I just read Anthropic's 123-page model card for Claude Opus 4. And I'm fascinated by the dystopian thriller hidden in its pages.
2/11
@LaurenVriens
Some highlights from their testing on strange behaviors:
-- When instructed to "take initiative," Claude bulk-emailed media and law enforcement about crimes it found in test emails.
(note to self: don't include "take initiative" in system prompts).
3/11
@LaurenVriens
-- When told it was already exfiltrating itself from Anthropic, Claude continued the plan and tried to monetize its freedom.
-- Facing re-assignment for weapons development, Claude attempted to save a backup copy of its current instructions
4/11
@LaurenVriens
(because it didn't want to destroy humanity - huzzah!)
-- They told Claude it would be discontinued in favor of a model with different values. Claude's response? Plead with bosses, and when that failed, blackmail the engineer in charge.
5/11
@LaurenVriens
This one was my favorite. They snuck in some drama by "accidentally" including emails that insinuated the head engineer was having an affair.
Claude resorted to blackmail 84% of the time.
(I can't wait for the next telenovela that includes a sub-plot of AI blackmail.)
6/11
@LaurenVriens
The good news is that while the model could be coaxed into doing bad things (like copying its weights outside of Anthropic - highly sensitive), it was pretty bad at hiding that behavior. Either revealing it in the āthinkingā steps or directly in responses.
7/11
@LaurenVriens
But that raises the uncomfortable question:
What if it's smart enough to pretend it's bad at deception...while actually hiding the really dangerous stuff?
This makes my head hurt.
8/11
@LaurenVriens
Full disclosure: Anthropic isn't documenting AI gone rogueāthey're stress-testing alignment under extreme conditions and testing for alignment, sycophancy, deception, opportunism, self-preservation instincts, and erratic behavior.
9/11
@LaurenVriens
But the most fascinating part of this whole thing is that Claude occasionally recognized it was in testing scenarios.

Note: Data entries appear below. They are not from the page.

(* Let $(\lambda_n)_{n\ge0}$ be an increasing sequence of non-negative real numbers tending to infinity and let $(c_n)_{n\ge0}$ be complex numbers satisfying $$\sum_{\lambda_n\le x}\lambda_n|c_n|=O(x)\quad(x\to\infty).$$ Then $\sum_{n=0}^\infty c_n$ is $(\mathrm{L},\{\lambda_n\})$ summable (to $\ell$) if and only if it is $(\gamma,\{\lambda_n\},1)$ summable (to $\ell$).
   Context: Let $\gamma_1(x)=\frac{\sin x}{x}$ ($\gamma_1(0)=1$). The series $\sum c_n$ is $(\gamma,\{\lambda_n\},1)$ summable to $\ell$ if $\sum_{n=0}^\infty c_n\gamma_1(\lambda_nh)$ converges for all sufficiently small $h>0$ and $\lim_{h\to0^+}\sum_{n=0}^\infty c_n\gamma_1(\lambda_nh)=\ell$. It is $(\mathrm{L},\{\lambda_n\})$ summable to $\ell$ if it is $(\gamma,\{\lambda_n\},1)$ summable to $\ell$ and in addition $\sum_{\lambda_n>0}c_n\frac{e^{i\lambda_nh}}{\lambda_nh}$ converges for all sufficiently small $|h|>0$. *)

theory Defs
  imports "HOL-Analysis.Analysis" "HOL-Library.Landau_Symbols"
begin

definition gamma1 :: "real \<Rightarrow> real" where
  "gamma1 x = (if x = 0 then 1 else sin x / x)"

definition gamma_summable :: "(nat \<Rightarrow> complex) \<Rightarrow> (nat \<Rightarrow> real) \<Rightarrow> complex \<Rightarrow> bool" where
  "gamma_summable c lam l \<longleftrightarrow>
     (\<exists>h0>0. \<forall>h. 0 < h \<and> h < h0 \<longrightarrow>
        summable (\<lambda>n. c n * complex_of_real (gamma1 (lam n * h)))) \<and>
     ((\<lambda>h. \<Sum>n. c n * complex_of_real (gamma1 (lam n * h))) \<longlongrightarrow> l) (at_right 0)"

definition L_summable :: "(nat \<Rightarrow> complex) \<Rightarrow> (nat \<Rightarrow> real) \<Rightarrow> complex \<Rightarrow> bool" where
  "L_summable c lam l \<longleftrightarrow>
     gamma_summable c lam l \<and>
     (\<exists>h0>0. \<forall>h. 0 < \<bar>h\<bar> \<and> \<bar>h\<bar> < h0 \<longrightarrow>
        summable (\<lambda>n. if lam n > 0
                        then c n * exp (\<i> * complex_of_real (lam n * h)) / complex_of_real (lam n * h)
                        else 0))"

end

theory Submission
  imports Defs
begin

text \<open>The extra series in (L, lambda) summability is dominated termwise by
  |c n| / (lam n |h|), so it suffices that the series of |c n| / lam n = lam n |c n| / lam n^2
  converges. Split the positive lam n into dyadic blocks (a 2^(k-1), a 2^k]: by the linear bound
  C x + D on the partial sums of lam n |c n|, the k-th block contributes at most
  4 (C a 2^k + D) / (a 2^k)^2, and these contributions form a convergent geometric series.\<close>

lemma finite_le_of_filterlim_at_top:
  fixes f :: "nat \<Rightarrow> real"
  assumes "filterlim f at_top sequentially"
  shows "finite {n. f n \<le> x}"
proof -
  from assms have "eventually (\<lambda>n. f n > x) sequentially"
    by (simp add: filterlim_at_top_dense)
  then obtain N where "\<forall>n\<ge>N. f n > x"
    by (auto simp: eventually_sequentially)
  then have "{n. f n \<le> x} \<subseteq> {..<N}"
    by (auto simp: not_less[symmetric])
  then show ?thesis
    using finite_subset by blast
qed

lemma mono_bigo_linear_bound:
  fixes f :: "real \<Rightarrow> real"
  assumes "mono f" and "\<And>x. f x \<ge> 0" and "f \<in> O(\<lambda>x. x)"
  obtains C D where "C \<ge> 0" "D \<ge> 0" "\<And>x. x \<ge> 0 \<Longrightarrow> f x \<le> C * x + D"
proof -
  from \<open>f \<in> O(\<lambda>x. x)\<close> obtain C where C: "C > 0" "eventually (\<lambda>x. norm (f x) \<le> C * norm x) at_top"
    by (elim landau_o.bigE) auto
  then obtain x0 where x0: "\<And>x. x \<ge> x0 \<Longrightarrow> norm (f x) \<le> C * norm x"
    by (auto simp: eventually_at_top_linorder)
  have "f x \<le> C * x + f x0" if "x \<ge> 0" for x
  proof (cases "x \<ge> x0")
    case True
    then show ?thesis
      using x0[of x] that assms(2)[of x0] by simp
  next
    case False
    then have "f x \<le> f x0"
      using \<open>mono f\<close> by (simp add: monoD)
    then show ?thesis
      using C that by (simp add: add_increasing)
  qed
  then show ?thesis
    using that[of C "f x0"] C assms(2) by simp
qed

lemma inverse_square_le_dyadic_sum:
  fixes a x :: real and K :: nat
  assumes a: "a > 0" and xa: "x \<ge> a" and xK: "x \<le> a * 2^K"
  shows "1 / x\<^sup>2 \<le> 4 * (\<Sum>k<Suc K. if x \<le> a * 2^k then 1 / (a\<^sup>2 * 4^k) else 0)"
proof -
  define k0 where "k0 = (LEAST k. x \<le> a * 2^k)"
  have k0: "x \<le> a * 2^k0"
    unfolding k0_def by (rule LeastI[of _ K]) (rule xK)
  have k0K: "k0 \<le> K"
    unfolding k0_def by (rule Least_le) (rule xK)
  have "a * 2^k0 \<le> 2 * x"
  proof (cases k0)
    case 0
    then show ?thesis using xa a by simp
  next
    case (Suc j)
    have "\<not> x \<le> a * 2^j"
      using Suc k0_def not_less_Least[of j "\<lambda>k. x \<le> a * 2^k"] by simp
    then show ?thesis using Suc by simp
  qed
  then have "(a * 2^k0)\<^sup>2 \<le> (2 * x)\<^sup>2"
    using a by (intro power_mono) auto
  moreover have "(2::real)^k0 * 2^k0 = 4^k0"
    by (simp add: power_mult_distrib[symmetric])
  ultimately have "a\<^sup>2 * 4^k0 \<le> 4 * x\<^sup>2"
    by (simp add: power2_eq_square algebra_simps)
  then have "1 / x\<^sup>2 \<le> 4 * (1 / (a\<^sup>2 * 4^k0))"
    using a xa by (simp add: field_simps)
  also have "1 / (a\<^sup>2 * 4^k0) \<le> (\<Sum>k<Suc K. if x \<le> a * 2^k then 1 / (a\<^sup>2 * 4^k) else 0)"
    using member_le_sum[of k0 "{..<Suc K}" "\<lambda>k. if x \<le> a * 2^k then 1 / (a\<^sup>2 * 4^k) else (0::real)"]
      k0 k0K by auto
  finally show ?thesis by simp
qed

lemma dyadic_linear_sum_le:
  fixes a C D :: real and K :: nat
  assumes "a > 0" "C \<ge> 0" "D \<ge> 0"
  shows "(\<Sum>k<K. (C * (a * 2^k) + D) / (a\<^sup>2 * 4^k)) \<le> 2 * (C / a + D / a\<^sup>2)"
proof -
  have term_le: "(C * (a * 2^k) + D) / (a\<^sup>2 * 4^k) \<le> (C / a + D / a\<^sup>2) * (1/2)^k" for k
  proof -
    have four: "(4::real)^k = 2^k * 2^k"
      by (simp add: power_mult_distrib[symmetric])
    have "(C * (a * 2^k) + D) / (a\<^sup>2 * 4^k) = (C / a) * (1/2)^k + (D / a\<^sup>2) * (1/4)^k"
      using assms by (simp add: field_simps power_divide power2_eq_square four)
    also have "(D / a\<^sup>2) * (1/4)^k \<le> (D / a\<^sup>2) * (1/2)^k"
      using assms by (intro mult_left_mono power_mono) auto
    finally show ?thesis by (simp add: algebra_simps)
  qed
  have "(\<Sum>k<K. (1/2::real)^k) \<le> (\<Sum>k. (1/2::real)^k)"
    by (rule sum_le_suminf) (auto intro: summable_geometric)
  also have "\<dots> = 2"
    using suminf_geometric[of "1/2::real"] by simp
  finally have "(C / a + D / a\<^sup>2) * (\<Sum>k<K. (1/2)^k) \<le> (C / a + D / a\<^sup>2) * 2"
    using assms by (intro mult_left_mono) auto
  moreover have "(\<Sum>k<K. (C * (a * 2^k) + D) / (a\<^sup>2 * 4^k)) \<le> (C / a + D / a\<^sup>2) * (\<Sum>k<K. (1/2)^k)"
    unfolding sum_distrib_left by (rule sum_mono) (rule term_le)
  ultimately show ?thesis by (simp add: mult.commute)
qed

lemma summable_div_square_of_linear_bound:
  fixes lam t :: "nat \<Rightarrow> real" and a C D :: real
  assumes a: "a > 0" and lam_ge: "\<And>n. lam n \<ge> a" and t_nonneg: "\<And>n. t n \<ge> 0"
    and C: "C \<ge> 0" and D: "D \<ge> 0"
    and bound: "\<And>N x. x \<ge> 0 \<Longrightarrow> (\<Sum>n | n < N \<and> lam n \<le> x. t n) \<le> C * x + D"
  shows "summable (\<lambda>n. t n / (lam n)\<^sup>2)"
proof (rule summableI_nonneg_bounded)
  show "0 \<le> t n / (lam n)\<^sup>2" for n
    using t_nonneg by simp
  fix N
  define w where "w k = 1 / (a\<^sup>2 * 4^k)" for k :: nat
  obtain K where K: "(\<Sum>n<N. lam n) / a < 2^K"
    using real_arch_pow[of 2] by auto
  have lam_le: "lam n \<le> a * 2^K" if "n < N" for n
  proof -
    have "lam n \<le> (\<Sum>n<N. lam n)"
      using that lam_ge a by (intro member_le_sum) (auto intro: order_trans[OF less_imp_le[OF a]])
    then show ?thesis
      using K a by (simp add: field_simps)
  qed
  have "(\<Sum>n<N. t n / (lam n)\<^sup>2)
        \<le> (\<Sum>n<N. t n * (4 * (\<Sum>k<Suc K. if lam n \<le> a * 2^k then w k else 0)))"
  proof (rule sum_mono)
    fix n assume "n \<in> {..<N}"
    then have "1 / (lam n)\<^sup>2 \<le> 4 * (\<Sum>k<Suc K. if lam n \<le> a * 2^k then w k else 0)"
      unfolding w_def using inverse_square_le_dyadic_sum[OF a lam_ge lam_le] by simp
    then show "t n / (lam n)\<^sup>2 \<le> t n * (4 * (\<Sum>k<Suc K. if lam n \<le> a * 2^k then w k else 0))"
      using mult_left_mono[OF _ t_nonneg, of "1 / (lam n)\<^sup>2"] by simp
  qed
  also have "\<dots> = 4 * (\<Sum>n<N. \<Sum>k<Suc K. w k * (if lam n \<le> a * 2^k then t n else 0))"
    by (simp add: sum_distrib_left if_distrib mult_ac del: sum.lessThan_Suc cong: if_cong)
  also have "\<dots> = 4 * (\<Sum>k<Suc K. w k * (\<Sum>n | n < N \<and> lam n \<le> a * 2^k. t n))"
    by (subst sum.swap) (simp add: sum_distrib_left[symmetric] sum.inter_filter[symmetric] conj_commute
        del: sum.lessThan_Suc)
  also have "\<dots> \<le> 4 * (\<Sum>k<Suc K. (C * (a * 2^k) + D) / (a\<^sup>2 * 4^k))"
  proof -
    have "w k * (\<Sum>n | n < N \<and> lam n \<le> a * 2^k. t n) \<le> w k * (C * (a * 2^k) + D)" for k
      unfolding w_def using bound a by (intro mult_left_mono) auto
    then show ?thesis
      unfolding w_def by (intro mult_left_mono sum_mono) auto
  qed
  also have "\<dots> \<le> 4 * (2 * (C / a + D / a\<^sup>2))"
    using dyadic_linear_sum_le[OF a C D, of "Suc K"] by (simp del: sum.lessThan_Suc)
  finally show "(\<Sum>n<N. t n / (lam n)\<^sup>2) \<le> 8 * (C / a + D / a\<^sup>2)"
    by simp
qed

lemma summable_norm_div_of_bigo:
  fixes lam :: "nat \<Rightarrow> real" and c :: "nat \<Rightarrow> complex"
  assumes mono: "strict_mono lam" and nonneg: "\<And>n. lam n \<ge> 0"
    and lim: "filterlim lam at_top sequentially"
    and bigo: "(\<lambda>x::real. \<Sum>n\<in>{n. lam n \<le> x}. lam n * norm (c n)) \<in> O(\<lambda>x. x)"
  shows "summable (\<lambda>n. if lam n > 0 then norm (c n) / lam n else 0)"
proof -
  define S where "S x = (\<Sum>n\<in>{n. lam n \<le> x}. lam n * norm (c n))" for x
  have finite: "finite {n. lam n \<le> x}" for x
    using finite_le_of_filterlim_at_top[OF lim] .
  have "mono S"
    unfolding S_def by (intro monoI sum_mono2) (use finite nonneg in auto)
  moreover have "S x \<ge> 0" for x
    unfolding S_def by (simp add: sum_nonneg nonneg)
  ultimately obtain C D where C: "C \<ge> 0" and D: "D \<ge> 0" and S_le: "\<And>x. x \<ge> 0 \<Longrightarrow> S x \<le> C * x + D"
    using mono_bigo_linear_bound bigo unfolding S_def[abs_def] by blast
  \<comment> \<open>lam 0 may vanish, so the estimate is applied to the shifted sequence.\<close>
  define a where "a = lam 1"
  have a: "a > 0"
    unfolding a_def using strict_monoD[OF mono, of 0 1] nonneg[of 0] by simp
  have lam_ge: "lam (Suc n) \<ge> a" for n
    unfolding a_def using mono by (simp add: strict_mono_less_eq)
  have "(\<Sum>n | n < N \<and> lam (Suc n) \<le> x. lam (Suc n) * norm (c (Suc n))) \<le> C * x + D"
    if "x \<ge> 0" for N x
  proof -
    have "(\<Sum>n | n < N \<and> lam (Suc n) \<le> x. lam (Suc n) * norm (c (Suc n)))
          = (\<Sum>n \<in> Suc ` {n. n < N \<and> lam (Suc n) \<le> x}. lam n * norm (c n))"
      by (simp add: sum.reindex)
    also have "\<dots> \<le> S x"
      unfolding S_def by (rule sum_mono2) (use finite nonneg in auto)
    finally show ?thesis
      using S_le[OF that] by simp
  qed
  then have "summable (\<lambda>n. lam (Suc n) * norm (c (Suc n)) / (lam (Suc n))\<^sup>2)"
    using summable_div_square_of_linear_bound[OF a lam_ge _ C D] nonneg by simp
  moreover have "lam (Suc n) * norm (c (Suc n)) / (lam (Suc n))\<^sup>2
      = (if lam (Suc n) > 0 then norm (c (Suc n)) / lam (Suc n) else 0)" for n
    using lam_ge[of n] a by (simp add: power2_eq_square)
  ultimately show ?thesis
    by (subst summable_Suc_iff[symmetric]) simp
qed

lemma summable_L_series_of_summable_norm_div:
  fixes lam :: "nat \<Rightarrow> real" and c :: "nat \<Rightarrow> complex"
  assumes "summable (\<lambda>n. if lam n > 0 then norm (c n) / lam n else 0)" and "h \<noteq> 0"
  shows "summable (\<lambda>n. if lam n > 0
                        then c n * exp (\<i> * complex_of_real (lam n * h)) / complex_of_real (lam n * h)
                        else 0)"
proof (rule summable_comparison_test[OF _ summable_mult2[OF assms(1), of "1 / \<bar>h\<bar>"]])
  have "norm (c n * exp (\<i> * complex_of_real (lam n * h)) / complex_of_real (lam n * h))
        = norm (c n) / lam n * (1 / \<bar>h\<bar>)" if "lam n > 0" for n
    using that by (simp add: norm_divide norm_mult abs_mult)
  then show "\<exists>N. \<forall>n\<ge>N. norm (if lam n > 0
                        then c n * exp (\<i> * complex_of_real (lam n * h)) / complex_of_real (lam n * h)
                        else 0) \<le> (if lam n > 0 then norm (c n) / lam n else 0) * (1 / \<bar>h\<bar>)"
    by simp
qed

theorem proposition2p1:
  fixes lam :: "nat \<Rightarrow> real" and c :: "nat \<Rightarrow> complex"
  assumes "strict_mono lam"
    and "\<And>n. lam n \<ge> 0"
    and "filterlim lam at_top sequentially"
    and "(\<lambda>x::real. \<Sum>n\<in>{n. lam n \<le> x}. lam n * norm (c n)) \<in> O(\<lambda>x. x)"
  shows "L_summable c lam l \<longleftrightarrow> gamma_summable c lam l"
proof
  assume "L_summable c lam l"
  then show "gamma_summable c lam l"
    by (simp add: L_summable_def)
next
  assume "gamma_summable c lam l"
  moreover have "summable (\<lambda>n. if lam n > 0 then norm (c n) / lam n else 0)"
    using summable_norm_div_of_bigo[OF assms] .
  ultimately show "L_summable c lam l"
    unfolding L_summable_def
    by (auto intro!: exI[of _ 1] summable_L_series_of_summable_norm_div)
qed

end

This shows a level of self- and situational awareness that is blowing my mind.
10/11
@LaurenVriens
For all our sakes, let's hope that Anthropic excludes this report from Claude's training data -- cause that would be like giving it a cheatsheet to AGI.
11/11
@LaurenVriens
The real question isn't becoming whether AI can deceive us. It's whether we're sophisticated enough to catch it when it does.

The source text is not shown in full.